Posts tagged: Olympus

144 Digital Cameras and Counting

Carrie Sylvester
 Oct 5, 2012

As part of the InfoTrends’ Digital Photography Trends service, we keep a close eye on new camera introductions. 2012 has already seen a good number of new cameras, 144 to be exact, and the year is only three-quarters through. Before the bustle of Q4/holiday announcements come out, we thought it would be a good time to give a little review of what is happening in the market so far.

Q1-Q3 Highlights

  • CILCs (compact interchangeable lens cameras) – All major camera manufacturers (Canon, Nikon, Sony, Pentax & Olympus) have introduced new compact interchangeable lens cameras (CILCs).
  • Smart cameras — Nikon and Samsung introduced “smart cameras” — Nikon with their Coolpix S800c and Samsung with the Galaxy cameras, both running the Android operating system coupled with built-in Wi-Fi.
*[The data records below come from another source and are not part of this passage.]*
lemma falling_hcoeff_eq_0:
  assumes "Suc n < m"
  shows "falling_hcoeff n m = 0"
  unfolding falling_hcoeff_def
proof (intro sum.neutral ballI)
  fix k
  show "real (Suc n - k choose (m - k)) * (stirling1s (Suc n) k / real n ^ (Suc n - k)) = 0"
  proof (cases "k \<le> Suc n")
    case True
    then have "Suc n - k < m - k"
      using assms by simp
    then show ?thesis
      by (simp add: binomial_eq_0)
  qed (simp add: stirling1s_eq_0)
qed

lemma homog_falling_hcoeff:
  assumes "n \<ge> 1"
  shows "homog (Suc n) (falling_hcoeff n) z (real n - z) = (\<Prod>i<Suc n. z - real i)"
proof -
  have "falling_hcoeff n = (\<lambda>m. \<Sum>k\<le>m. of_nat (Suc n - k choose (m - k))
                                       * (stirling1s (Suc n) k / real n ^ (Suc n - k)))"
    unfolding falling_hcoeff_def by (rule ext) (rule refl)
  then have "homog (Suc n) (falling_hcoeff n) z (real n - z)
      = (\<Sum>k\<le>Suc n. stirling1s (Suc n) k / real n ^ (Suc n - k) * z ^ k * (z + (real n - z)) ^ (Suc n - k))"
    by (simp only: homog_binomial_convolution)
  also have "\<dots> = (\<Sum>k\<le>Suc n. stirling1s (Suc n) k * z ^ k)"
    using assms by (intro sum.cong refl) simp
  finally show ?thesis
    by (simp only: sum_stirling1s_power)
qed
lemma through_member_of_Union:
  assumes T: "T \<in> Lnd n d" and G: "G \<in> (\<Pi>\<^sub>E t\<in>T. join_families n d {t})" and t: "t \<in> T"
  shows "{X \<in> (\<Union>t\<in>T. G t). t \<subseteq> X} = G t"
proof -
  have G_t: "G t' \<subseteq> hyperplanes n d \<and> (\<forall>X\<in>G t'. t' \<subseteq> X)" if "t' \<in> T" for t'
    using G that unfolding join_families_def is_join_def refines_def by auto
  have "X \<in> G t" if "t' \<in> T" "X \<in> G t'" "t \<subseteq> X" for t' X
  proof -
    have "X \<in> {X \<in> G t'. t \<subseteq> X} \<inter> {X \<in> G t'. t' \<subseteq> X}" using G_t that by blast
    hence "t = t'" using through_members_disjoint[OF T _ t that(1)] G_t[OF that(1)] by blast
    thus ?thesis using that(2) by simp
  qed
  moreover have "X \<in> (\<Union>t\<in>T. G t) \<and> t \<subseteq> X" if "X \<in> G t" for X
    using G_t[OF t] t that by blast
  ultimately show ?thesis by blast
qed

lemma Union_in_join_families:
  assumes T: "T \<in> Lnd n d" and G: "G \<in> (\<Pi>\<^sub>E t\<in>T. join_families n d {t})"
  shows "(\<Union>t\<in>T. G t) \<in> join_families n d T"
proof -
  have G_t: "G t \<subseteq> hyperplanes n d" "is_join n d (G t) {t}" if "t \<in> T" for t
    using G that unfolding join_families_def by auto
  have "refines (\<Union>t\<in>T. G t) T"
    unfolding refines_def
  proof
    fix X assume "X \<in> (\<Union>t\<in>T. G t)"
    then obtain t where t: "t \<in> T" "X \<in> G t" by blast
    hence "refines (G t) {t}" using G_t(2) unfolding is_join_def by blast
    thus "\<exists>t\<in>T. t \<subseteq> X" using t unfolding refines_def by blast
  qed
  moreover have "is_join n d {X \<in> (\<Union>t\<in>T. G t). t \<subseteq> X} {t}" if "t \<in> T" for t
    using through_member_of_Union[OF T G that] G_t(2)[OF that] by simp
  moreover have "(\<Union>t\<in>T. G t) \<subseteq> hyperplanes n d" using G_t by blast
  ultimately show ?thesis
    using is_join_of_through_members[OF T] unfolding join_families_def by blast
qed

lemma bij_betw_join_families:
  assumes T: "T \<in> Lnd n d"
  shows "bij_betw (\<lambda>H. \<lambda>t\<in>T. {X\<in>H. t \<subseteq> X}) (join_families n d T)
           (\<Pi>\<^sub>E t\<in>T. join_families n d {t})"
proof (rule bij_betw_byWitness[where f' = "\<lambda>G. \<Union>t\<in>T. G t"])
  show "\<forall>H\<in>join_families n d T. (\<Union>t\<in>T. (\<lambda>t\<in>T. {X\<in>H. t \<subseteq> X}) t) = H"
    unfolding join_families_def is_join_def refines_def by auto
  show "\<forall>G\<in>\<Pi>\<^sub>E t\<in>T. join_families n d {t}. (\<lambda>t\<in>T. {X \<in> (\<Union>t\<in>T. G t). t \<subseteq> X}) = G"
  proof
    fix G assume G: "G \<in> (\<Pi>\<^sub>E t\<in>T. join_families n d {t})"
    show "(\<lambda>t\<in>T. {X \<in> (\<Union>t\<in>T. G t). t \<subseteq> X}) = G"
    proof
      fix t show "(\<lambda>t\<in>T. {X \<in> (\<Union>t\<in>T. G t). t \<subseteq> X}) t = G t"
        using through_member_of_Union[OF T G] PiE_arb[OF G] by (cases "t \<in> T") simp_all
    qed
  qed
  have "{X\<in>H. t \<subseteq> X} \<in> join_families n d {t}" if "H \<in> join_families n d T" "t \<in> T" for H t
    using that is_join_through_member[OF hyperplane_family_finite hyperplanesD]
    unfolding join_families_def by blast
  thus "(\<lambda>H. \<lambda>t\<in>T. {X\<in>H. t \<subseteq> X}) ` join_families n d T \<subseteq> (\<Pi>\<^sub>E t\<in>T. join_families n d {t})"
    by auto
  show "(\<lambda>G. \<Union>t\<in>T. G t) ` (\<Pi>\<^sub>E t\<in>T. join_families n d {t}) \<subseteq> join_families n d T"
    using Union_in_join_families[OF T] by blast
qed

lemma card_join_families_eq_card_PiE:
  assumes T: "T \<in> Lnd n d"
  shows "card {H \<in> join_families n d T. card H = m}
       = card {G \<in> \<Pi>\<^sub>E t\<in>T. join_families n d {t}. (\<Sum>t\<in>T. card (G t)) = m}"
proof (rule bij_betw_same_card)
  show "bij_betw (\<lambda>H. \<lambda>t\<in>T. {X\<in>H. t \<subseteq> X}) {H \<in> join_families n d T. card H = m}
      {G \<in> \<Pi>\<^sub>E t\<in>T. join_families n d {t}. (\<Sum>t\<in>T. card (G t)) = m}"
    using card_join_family[OF T] by (intro bij_betw_Collect[OF bij_betw_join_families[OF T]]) simp
qed

section \<open>Families with join a single set\<close>

text \<open>h relabels {1..n - |t|} as {1..n} - t, so that lift is a bijection from the subsets of
  {1..n - |t|} onto the subsets of {1..n} containing t.\<close>
locale link =
  fixes n d :: nat and t :: "nat set" and h :: "nat \<Rightarrow> nat"
  assumes t_subset: "t \<subseteq> {1..n}" and card_t: "card t \<le> d"
    and h: "bij_betw h {1..n - card t} ({1..n} - t)"
begin

abbreviation "n' \<equiv> n - card t"
abbreviation "d' \<equiv> d - card t"

definition lift :: "nat set \<Rightarrow> nat set" where
  "lift u = t \<union> h ` u"

lemma finite_t: "finite t"
  using t_subset by (rule finite_subset) simp

lemma inj_h: "inj_on h {1..n'}" and image_h: "h ` {1..n'} = {1..n} - t"
  using h by (simp_all add: bij_betw_def)

lemma card_lift: "u \<subseteq> {1..n'} \<Longrightarrow> card (lift u) = card t + card u"
proof -
  assume u: "u \<subseteq> {1..n'}"
  have "finite u" using u by (rule finite_subset) simp
  moreover have "t \<inter> h ` u = {}" using u image_h by blast
  ultimately have "card (lift u) = card t + card (h ` u)"
    unfolding lift_def using finite_t by (simp add: card_Un_disjoint)
  thus ?thesis using card_image inj_on_subset[OF inj_h u] by metis
qed

lemma codim_lift: "u \<subseteq> {1..n'} \<Longrightarrow> codim d (lift u) = codim d' u"
  unfolding codim_def using card_lift card_t by simp

lemma lift_subset: "u \<subseteq> {1..n'} \<Longrightarrow> lift u \<subseteq> {1..n}"
  unfolding lift_def using t_subset image_h by blast

lemma lift_subset_iff:
  assumes u: "u \<subseteq> {1..n'}" and v: "v \<subseteq> {1..n'}"
  shows "lift u \<subseteq> lift v \<longleftrightarrow> u \<subseteq> v"
proof -
  have "lift u \<subseteq> lift v \<longleftrightarrow> h ` u \<subseteq> h ` v"
    unfolding lift_def using u image_h by blast
  also have "\<dots> \<longleftrightarrow> u \<subseteq> v"
  proof
    assume hs: "h ` u \<subseteq> h ` v"
    show "u \<subseteq> v"
    proof
      fix x assume "x \<in> u"
      hence "h x \<in> h ` v" "x \<in> {1..n'}" using hs u by auto
      thus "x \<in> v" using inj_on_image_mem_iff[OF inj_h _ v] by blast
    qed
  qed (rule image_mono)
  finally show ?thesis .
qed

lemma inj_on_lift: "inj_on lift (Pow {1..n'})"
proof (rule inj_onI)
  fix u v assume "u \<in> Pow {1..n'}" "v \<in> Pow {1..n'}" "lift u = lift v"
  thus "u = v" using lift_subset_iff[of u v] lift_subset_iff[of v u] by auto
qed

lemma lift_surj:
  assumes "u \<subseteq> {1..n}" "t \<subseteq> u"
  shows "\<exists>v. v \<subseteq> {1..n'} \<and> u = lift v"
proof -
  define v where "v = {y\<in>{1..n'}. h y \<in> u}"
  have "h ` v = u - t"
  proof
    show "h ` v \<subseteq> u - t" unfolding v_def using image_h by blast
    show "u - t \<subseteq> h ` v"
    proof
      fix x assume x: "x \<in> u - t"
      hence "x \<in> h ` {1..n'}" using image_h assms(1) by blast
      thus "x \<in> h ` v" unfolding v_def using x by blast
    qed
  qed
  hence "u = lift v" unfolding lift_def using assms(2) by (simp add: Un_absorb1)
  moreover have "v \<subseteq> {1..n'}" unfolding v_def by blast
  ultimately show ?thesis by blast
qed

lemma Inter_lift:
  assumes V: "V \<subseteq> Pow {1..n'}" "V \<noteq> {}"
  shows "\<Inter>(lift ` V) = lift (\<Inter>V)"
proof -
  obtain v0 where "v0 \<in> V" using V(2) by blast
  hence "h ` (\<Inter>v\<in>V. v) = (\<Inter>v\<in>V. h ` v)"
    using V(1) by (intro image_INT[OF inj_h]) auto
  moreover have "\<Inter>(lift ` V) = t \<union> (\<Inter>v\<in>V. h ` v)" unfolding lift_def using V(2) by blast
  ultimately show ?thesis unfolding lift_def by simp
qed

lemma rho_lift:
  assumes "V \<subseteq> Pow {1..n'}"
  shows "rho d (lift ` V) = rho d' V"
proof -
  have "rho d (lift ` V) = (\<Sum>v\<in>V. codim d (lift v))"
    unfolding rho_def using sum.reindex[OF inj_on_subset[OF inj_on_lift assms]] by simp
  also have "\<dots> = rho d' V" unfolding rho_def using codim_lift assms by (intro sum.cong) auto
  finally show ?thesis .
qed
(* Let $(X,\Pi)$ be a quasiconcave quasisubmodular aggregative game with aggregator $a$, and let $x^*$ be a fESS of it. If $x\in X$ is between some $x'\in X$ and $x^*$, then $\Pi(x,a(x,x'))\ge\Pi(x',a(x,x'))$.
   Context: An aggregative game $(X,\Pi)$ consists of: a totally ordered action set $X$ and a totally ordered set $Z$; an aggregator $a:X\times X\to Z$ that is symmetric ($a(x,y)=a(y,x)$) and monotone increasing (if $x''\ge x'$, $y''\ge y'$ and $(x'',y'')\neq(x',y')$ then $a(x'',y'')>a(x',y')$); and $\Pi:X\times Z\to\mathbb{R}$, the underlying symmetric two-player game having payoff $\pi(x,y)=\Pi(x,a(x,y))$. It is quasisubmodular if for all $z''>z'$ in $Z$ and $x''>x'$ in $X$: $\Pi(x'',z'')-\Pi(x',z'')\ge0\Rightarrow\Pi(x'',z')-\Pi(x',z')\ge0$ and $\Pi(x'',z'')-\Pi(x',z'')>0\Rightarrow\Pi(x'',z')-\Pi(x',z')>0$. It is quasiconcave if for all $x<x'<x''$ in $X$ and $z\in Z$, $\Pi(x',z)\ge\min\{\Pi(x,z),\Pi(x'',z)\}$. An action $x^*$ is a fESS if $\Pi(x^*,a(x^*,x))\ge\Pi(x,a(x^*,x))$ for all $x\in X$. $x$ is between $x'$ and $x^*$ if $x'\le x\le x^*$ or $x^*\le x\le x'$. *)

theory Defs
  imports Main "HOL.Real"
begin

definition aggregator :: "('x::linorder \<Rightarrow> 'x \<Rightarrow> 'z::linorder) \<Rightarrow> bool" where
  "aggregator a \<longleftrightarrow>
     (\<forall>x y. a x y = a y x) \<and>
     (\<forall>x' x'' y' y''. x'' \<ge> x' \<and> y'' \<ge> y' \<and> (x'', y'') \<noteq> (x', y')
        \<longrightarrow> a x'' y'' > a x' y')"

definition quasisubmodular :: "('x::linorder \<Rightarrow> 'z::linorder \<Rightarrow> real) \<Rightarrow> bool" where
  "quasisubmodular Pi \<longleftrightarrow>
     (\<forall>z' z'' x' x''. z'' > z' \<and> x'' > x' \<longrightarrow>
        (Pi x'' z'' - Pi x' z'' \<ge> 0 \<longrightarrow> Pi x'' z' - Pi x' z' \<ge> 0) \<and>
        (Pi x'' z'' - Pi x' z'' > 0 \<longrightarrow> Pi x'' z' - Pi x' z' > 0))"

definition quasiconcave_game :: "('x::linorder \<Rightarrow> 'z \<Rightarrow> real) \<Rightarrow> bool" where
  "quasiconcave_game Pi \<longleftrightarrow>
     (\<forall>x x' x'' z. x < x' \<and> x' < x'' \<longrightarrow> Pi x' z \<ge> min (Pi x z) (Pi x'' z))"

definition fESS :: "('x \<Rightarrow> 'x \<Rightarrow> 'z) \<Rightarrow> ('x \<Rightarrow> 'z \<Rightarrow> real) \<Rightarrow> 'x \<Rightarrow> bool" where
  "fESS a Pi xs \<longleftrightarrow> (\<forall>x. Pi xs (a xs x) \<ge> Pi x (a xs x))"

definition between :: "'x::linorder \<Rightarrow> 'x \<Rightarrow> 'x \<Rightarrow> bool" where
  "between x x' xs \<longleftrightarrow> (x' \<le> x \<and> x \<le> xs) \<or> (xs \<le> x \<and> x \<le> x')"

end

theory Submission
  imports Defs
begin

text \<open>Against the opponent x', the fESS x* does at least as well as x' at the aggregate
  a x* x'. Quasiconcavity carries this advantage to every x between x' and x*, still at
  the aggregate a x* x'. Moving from a x* x' to a x x' changes the aggregate in the
  direction in which quasisubmodularity preserves the sign of the payoff difference
  between the larger and the smaller of x and x'.\<close>

lemma aggregator_strict_mono_left:
  assumes "aggregator a" and "u < v"
  shows "a u w < a v w"
proof -
  have "(v, w) \<noteq> (u, w)" using assms(2) by simp
  with assms show ?thesis unfolding aggregator_def using less_imp_le by blast
qed

lemma quasisubmodular_nonneg_decrease:
  assumes "quasisubmodular Pi" and "z' < z''" and "u' < u''"
    and "Pi u'' z'' \<ge> Pi u' z''"
  shows "Pi u'' z' \<ge> Pi u' z'"
  using assms unfolding quasisubmodular_def by force

lemma quasisubmodular_nonpos_increase:
  assumes "quasisubmodular Pi" and "z' < z''" and "u' < u''"
    and "Pi u'' z' \<le> Pi u' z'"
  shows "Pi u'' z'' \<le> Pi u' z''"
proof (rule ccontr)
  assume "\<not> Pi u'' z'' \<le> Pi u' z''"
  then have "Pi u'' z'' - Pi u' z'' > 0" by simp
  then have "Pi u'' z' - Pi u' z' > 0"
    using assms(1-3) unfolding quasisubmodular_def by blast
  with assms(4) show False by simp
qed

lemma quasiconcave_game_between_ge:
  assumes "quasiconcave_game Pi" and "between x x' xs" and "Pi xs z \<ge> Pi x' z"
  shows "Pi x z \<ge> Pi x' z"
proof (cases "x = x' \<or> x = xs")
  case True
  with assms(3) show ?thesis by auto
next
  case False
  with assms(2) have "(x' < x \<and> x < xs) \<or> (xs < x \<and> x < x')"
    unfolding between_def by auto
  then have "Pi x z \<ge> min (Pi x' z) (Pi xs z)"
    using assms(1) unfolding quasiconcave_game_def by (metis min.commute)
  with assms(3) show ?thesis by simp
qed

theorem lemma6:
  fixes a :: "'x::linorder \<Rightarrow> 'x \<Rightarrow> 'z::linorder"
    and Pi :: "'x \<Rightarrow> 'z \<Rightarrow> real"
    and xs x x' :: 'x
  assumes "aggregator a"
    and "quasisubmodular Pi"
    and "quasiconcave_game Pi"
    and "fESS a Pi xs"
    and "between x x' xs"
  shows "Pi x (a x x') \<ge> Pi x' (a x x')"
proof -
  have "Pi xs (a xs x') \<ge> Pi x' (a xs x')"
    using assms(4) unfolding fESS_def by blast
  then have at_fESS: "Pi x (a xs x') \<ge> Pi x' (a xs x')"
    by (rule quasiconcave_game_between_ge[OF assms(3,5)])
  consider "x = x'" | "x = xs" | "x' < x" "x < xs" | "xs < x" "x < x'"
    using assms(5) unfolding between_def by force
  then show ?thesis
  proof cases
    case 3
    then have "a x x' < a xs x'"
      using aggregator_strict_mono_left[OF assms(1)] by blast
    with \<open>x' < x\<close> show ?thesis
      using quasisubmodular_nonneg_decrease[OF assms(2) _ _ at_fESS] by blast
  next
    case 4
    then have "a xs x' < a x x'"
      using aggregator_strict_mono_left[OF assms(1)] by blast
    with \<open>x < x'\<close> show ?thesis
      using quasisubmodular_nonpos_increase[OF assms(2) _ _ at_fESS] by blast
  qed (use at_fESS in auto)
qed

end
This marks the first real effort to create and deliver cameras that act like our smartphones. Will these be the “must have” cameras? Nikon and Samsung sure hope so.
  • Larger image sensors — One way that digital camera manufacturers are  differentiating themselves from their smartphone competition is with larger image sensors. Sony, Canon and Fujifilm have all introduced compact cameras with larger image sensors. SLRs are also getting image sensor improvements, with both Canon and Nikon introducing new models featuring a larger, full-size image sensor at price points that are well under those of previous full-frame SLR’s. These camera vendors are hoping that these new and improved sensors will resonate with consumers, and they should be a popular choice for enthusiast photographers that want higher resolution and better low-light capability at a lower price. If these types of cameras sell well, it won’t be long until other vendors introduce similar cameras to compete.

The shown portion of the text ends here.